Eindrücke "von draußen"
Um dem Gefangenen nach seiner Entlassung wieder eine Perspektive bieten zu können, soll er mit den vollzugsöffnenden Maßnahmen an das "Leben danach" herangeführt werden - und dazu soll er mit Dritten interagieren und mit dem "normalen Leben" außerhalb der Haftanstalt in Kontakt kommen.
Hierzu stehen verschiedene Maßnahmen zur Verfügung. Gefangene können etwa die Haftanstalt für eine bestimmte Tageszeit unter Aufsicht ("Ausführung") oder ohne Aufsicht eines Vollzugsbediensteten ("Ausgang") verlassen, oder außerhalb der Haftanstalt arbeiten. Während einer Ausführung oder beim Ausgang können Gefangene dann etwa Freunde und Familie treffen, eine soziale Einrichtung besuchen - oder auch einfach nur eine Kugel Eis kaufen.
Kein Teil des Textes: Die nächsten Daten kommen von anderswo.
lemma solves_P_density_mult_integrable:
  assumes "open \<Omega>" "0 < p" and sol: "solves_P b \<Omega> p lam \<alpha> \<psi>"
  shows "set_integrable lborel \<Omega> (\<lambda>x. pospart (\<alpha> + lam * \<psi> x) powr p * \<psi> x)"
proof -
  have "continuous_on (closure \<Omega>) \<psi>" and "bounded (\<psi> ` \<Omega>)"
    using sol unfolding solves_P_def C2b_closure_def by auto
  then obtain B where B: "\<And>x. x \<in> \<Omega> \<Longrightarrow> \<bar>\<psi> x\<bar> \<le> B"
    unfolding bounded_iff by auto
  have "continuous_on \<Omega> \<psi>"
    using \<open>continuous_on (closure \<Omega>) \<psi>\<close> closure_subset continuous_on_subset by blast
  then have "continuous_on \<Omega> (\<lambda>x. pospart (\<alpha> + lam * \<psi> x))"
    unfolding pospart_def by (intro continuous_intros)
  then have "continuous_on \<Omega> (\<lambda>x. pospart (\<alpha> + lam * \<psi> x) powr p)"
    by (rule continuous_on_powr'[OF _ continuous_on_const]) (simp add: \<open>0 < p\<close> pospart_def)
  then have cont: "continuous_on \<Omega> (\<lambda>x. pospart (\<alpha> + lam * \<psi> x) powr p * \<psi> x)"
    using \<open>continuous_on \<Omega> \<psi>\<close> by (rule continuous_on_mult)
  show ?thesis
  proof (rule set_integrable_bound)
    show "set_integrable lborel \<Omega> (\<lambda>x. B * pospart (\<alpha> + lam * \<psi> x) powr p)"
      using solves_P_density_integrable[OF sol] by (rule set_integrable_mult_right)
    show "set_borel_measurable lborel \<Omega> (\<lambda>x. pospart (\<alpha> + lam * \<psi> x) powr p * \<psi> x)"
      using borel_measurable_continuous_on_indicator[OF borel_open[OF \<open>open \<Omega>\<close>] cont]
      unfolding set_borel_measurable_def by simp
    show "AE x in lborel. x \<in> \<Omega> \<longrightarrow>
        norm (pospart (\<alpha> + lam * \<psi> x) powr p * \<psi> x) \<le> norm (B * pospart (\<alpha> + lam * \<psi> x) powr p)"
    proof (intro AE_I2 impI)
      fix x assume "x \<in> \<Omega>"
      have "norm (pospart (\<alpha> + lam * \<psi> x) powr p * \<psi> x) = pospart (\<alpha> + lam * \<psi> x) powr p * \<bar>\<psi> x\<bar>"
        by (simp add: abs_mult)
      also have "\<dots> \<le> pospart (\<alpha> + lam * \<psi> x) powr p * B"
        using B[OF \<open>x \<in> \<Omega>\<close>] by (intro mult_left_mono) simp_all
      also have "\<dots> \<le> norm (B * pospart (\<alpha> + lam * \<psi> x) powr p)"
        by (simp add: mult.commute)
      finally show "norm (pospart (\<alpha> + lam * \<psi> x) powr p * \<psi> x) \<le> norm (B * pospart (\<alpha> + lam * \<psi> x) powr p)" .
    qed
  qed
qed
Rechtsanspruch der Gefangenen
Nach der Rechtsprechung des Bundesverfassungsgerichtes haben alle Gefangenen einen echten Rechtsanspruch auf vollzugsöffnende Maßnahmen. Das gilt auch dann, wenn ihre Haftstrafe noch lange dauert, oder sie zu lebenslanger Freiheitsstrafe verurteilt worden sind - spätestens nach dem achten Jahr in Haft. Denn laut der Rechtsprechung des Bundesverfassungsgerichts ist die Resozialisierung nicht nur ein Ziel des Strafvollzugs, sondern ein grundgesetzlich verbrieftes Recht jedes einzelnen Gefangenen - als Ausprägung des allgemeinen Persönlichkeitsrechtes in den Artikeln 1 und 2 des Grundgesetzes.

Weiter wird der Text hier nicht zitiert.